* _DIRECTIONS_:
Reproduce exactly, and nothing but, the lines between the one with "unfolding sum_power2_norm_add_centered[OF assms(3)]" and the end of the entries, both ends included.

++++ GIVEN DATA

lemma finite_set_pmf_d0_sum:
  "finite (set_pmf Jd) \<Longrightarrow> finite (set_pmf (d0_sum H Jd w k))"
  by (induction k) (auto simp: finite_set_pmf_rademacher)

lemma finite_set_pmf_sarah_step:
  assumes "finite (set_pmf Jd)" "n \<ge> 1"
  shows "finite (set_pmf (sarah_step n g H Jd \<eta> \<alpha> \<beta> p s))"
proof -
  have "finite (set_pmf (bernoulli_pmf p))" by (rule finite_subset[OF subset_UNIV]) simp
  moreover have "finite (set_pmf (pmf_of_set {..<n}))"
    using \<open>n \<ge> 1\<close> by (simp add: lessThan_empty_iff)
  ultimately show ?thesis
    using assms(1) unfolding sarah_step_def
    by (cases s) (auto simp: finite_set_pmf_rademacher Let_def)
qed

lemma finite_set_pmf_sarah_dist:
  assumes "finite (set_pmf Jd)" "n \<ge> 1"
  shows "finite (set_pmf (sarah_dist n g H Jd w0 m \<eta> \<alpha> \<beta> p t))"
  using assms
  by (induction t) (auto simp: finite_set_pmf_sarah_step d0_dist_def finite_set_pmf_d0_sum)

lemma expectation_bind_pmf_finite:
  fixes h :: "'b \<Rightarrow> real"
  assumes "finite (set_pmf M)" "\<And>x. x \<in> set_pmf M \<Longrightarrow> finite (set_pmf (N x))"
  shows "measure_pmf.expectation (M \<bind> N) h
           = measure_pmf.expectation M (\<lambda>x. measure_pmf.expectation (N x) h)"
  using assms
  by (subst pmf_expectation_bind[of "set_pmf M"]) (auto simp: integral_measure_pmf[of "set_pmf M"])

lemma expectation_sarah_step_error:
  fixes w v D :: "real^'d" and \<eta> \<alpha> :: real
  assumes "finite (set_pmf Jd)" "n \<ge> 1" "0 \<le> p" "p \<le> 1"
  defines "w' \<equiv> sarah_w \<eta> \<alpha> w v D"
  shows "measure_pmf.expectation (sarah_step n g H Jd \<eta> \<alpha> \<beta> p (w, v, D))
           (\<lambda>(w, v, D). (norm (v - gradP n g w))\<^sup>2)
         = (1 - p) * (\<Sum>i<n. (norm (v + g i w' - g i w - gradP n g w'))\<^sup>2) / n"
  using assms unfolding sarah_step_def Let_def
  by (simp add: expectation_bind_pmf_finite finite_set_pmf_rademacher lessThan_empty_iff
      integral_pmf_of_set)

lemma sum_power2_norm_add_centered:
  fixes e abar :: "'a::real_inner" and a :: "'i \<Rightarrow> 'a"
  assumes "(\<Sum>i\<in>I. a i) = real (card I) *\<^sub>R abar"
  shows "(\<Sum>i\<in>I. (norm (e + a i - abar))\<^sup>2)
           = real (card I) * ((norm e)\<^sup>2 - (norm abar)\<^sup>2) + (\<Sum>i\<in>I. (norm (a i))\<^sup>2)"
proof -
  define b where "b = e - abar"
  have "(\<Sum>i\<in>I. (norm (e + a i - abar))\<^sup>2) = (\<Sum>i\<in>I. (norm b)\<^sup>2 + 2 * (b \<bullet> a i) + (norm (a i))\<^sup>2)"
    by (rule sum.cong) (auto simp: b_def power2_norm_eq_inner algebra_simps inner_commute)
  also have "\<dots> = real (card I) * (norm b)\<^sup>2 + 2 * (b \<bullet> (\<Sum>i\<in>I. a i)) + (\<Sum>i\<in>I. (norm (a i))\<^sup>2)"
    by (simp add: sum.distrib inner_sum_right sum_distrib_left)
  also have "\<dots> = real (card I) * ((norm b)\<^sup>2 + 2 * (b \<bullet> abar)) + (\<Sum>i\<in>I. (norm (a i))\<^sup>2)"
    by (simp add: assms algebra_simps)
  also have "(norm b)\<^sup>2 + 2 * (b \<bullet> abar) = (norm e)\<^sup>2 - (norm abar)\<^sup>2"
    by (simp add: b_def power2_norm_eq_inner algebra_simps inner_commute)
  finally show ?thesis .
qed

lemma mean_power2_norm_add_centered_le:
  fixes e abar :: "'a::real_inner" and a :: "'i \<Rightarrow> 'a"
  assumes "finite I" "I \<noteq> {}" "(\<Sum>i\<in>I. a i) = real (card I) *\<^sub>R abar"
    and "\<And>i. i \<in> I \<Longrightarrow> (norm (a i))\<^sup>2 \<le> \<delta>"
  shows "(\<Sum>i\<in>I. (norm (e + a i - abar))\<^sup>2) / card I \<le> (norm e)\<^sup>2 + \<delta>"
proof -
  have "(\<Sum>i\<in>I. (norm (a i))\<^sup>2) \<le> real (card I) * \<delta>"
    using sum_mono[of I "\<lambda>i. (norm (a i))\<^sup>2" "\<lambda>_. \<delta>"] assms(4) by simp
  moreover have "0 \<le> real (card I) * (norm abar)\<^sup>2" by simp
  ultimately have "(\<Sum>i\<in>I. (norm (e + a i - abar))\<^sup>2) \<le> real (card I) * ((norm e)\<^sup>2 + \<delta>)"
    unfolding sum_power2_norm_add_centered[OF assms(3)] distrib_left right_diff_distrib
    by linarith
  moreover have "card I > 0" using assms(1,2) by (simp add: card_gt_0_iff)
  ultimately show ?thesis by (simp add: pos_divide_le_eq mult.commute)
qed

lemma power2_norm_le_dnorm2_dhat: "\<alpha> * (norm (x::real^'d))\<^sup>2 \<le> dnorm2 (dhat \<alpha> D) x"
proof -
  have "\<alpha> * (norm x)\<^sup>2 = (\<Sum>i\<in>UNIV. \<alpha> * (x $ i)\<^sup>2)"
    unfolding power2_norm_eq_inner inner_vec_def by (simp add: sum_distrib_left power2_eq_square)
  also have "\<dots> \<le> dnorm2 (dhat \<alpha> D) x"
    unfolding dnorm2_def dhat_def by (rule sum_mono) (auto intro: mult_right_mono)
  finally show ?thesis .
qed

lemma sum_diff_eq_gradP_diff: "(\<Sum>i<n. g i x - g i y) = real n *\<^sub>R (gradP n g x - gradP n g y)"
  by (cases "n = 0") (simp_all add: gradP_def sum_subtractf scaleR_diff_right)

++++++++

* _SOLUTION TO THIS TASK_:
    unfolding sum_power2_norm_add_centered[OF assms(3)] distrib_left right_diff_distrib
    by linarith
  moreover have "card I > 0" using assms(1,2) by (simp add: card_gt_0_iff)
  ultimately show ?thesis by (simp add: pos_divide_le_eq mult.commute)
qed

lemma power2_norm_le_dnorm2_dhat: "\<alpha> * (norm (x::real^'d))\<^sup>2 \<le> dnorm2 (dhat \<alpha> D) x"
proof -
  have "\<alpha> * (norm x)\<^sup>2 = (\<Sum>i\<in>UNIV. \<alpha> * (x $ i)\<^sup>2)"
    unfolding power2_norm_eq_inner inner_vec_def by (simp add: sum_distrib_left power2_eq_square)
  also have "\<dots> \<le> dnorm2 (dhat \<alpha> D) x"
    unfolding dnorm2_def dhat_def by (rule sum_mono) (auto intro: mult_right_mono)
  finally show ?thesis .
qed

lemma sum_diff_eq_gradP_diff: "(\<Sum>i<n. g i x - g i y) = real n *\<^sub>R (gradP n g x - gradP n g y)"
  by (cases "n = 0") (simp_all add: gradP_def sum_subtractf scaleR_diff_right)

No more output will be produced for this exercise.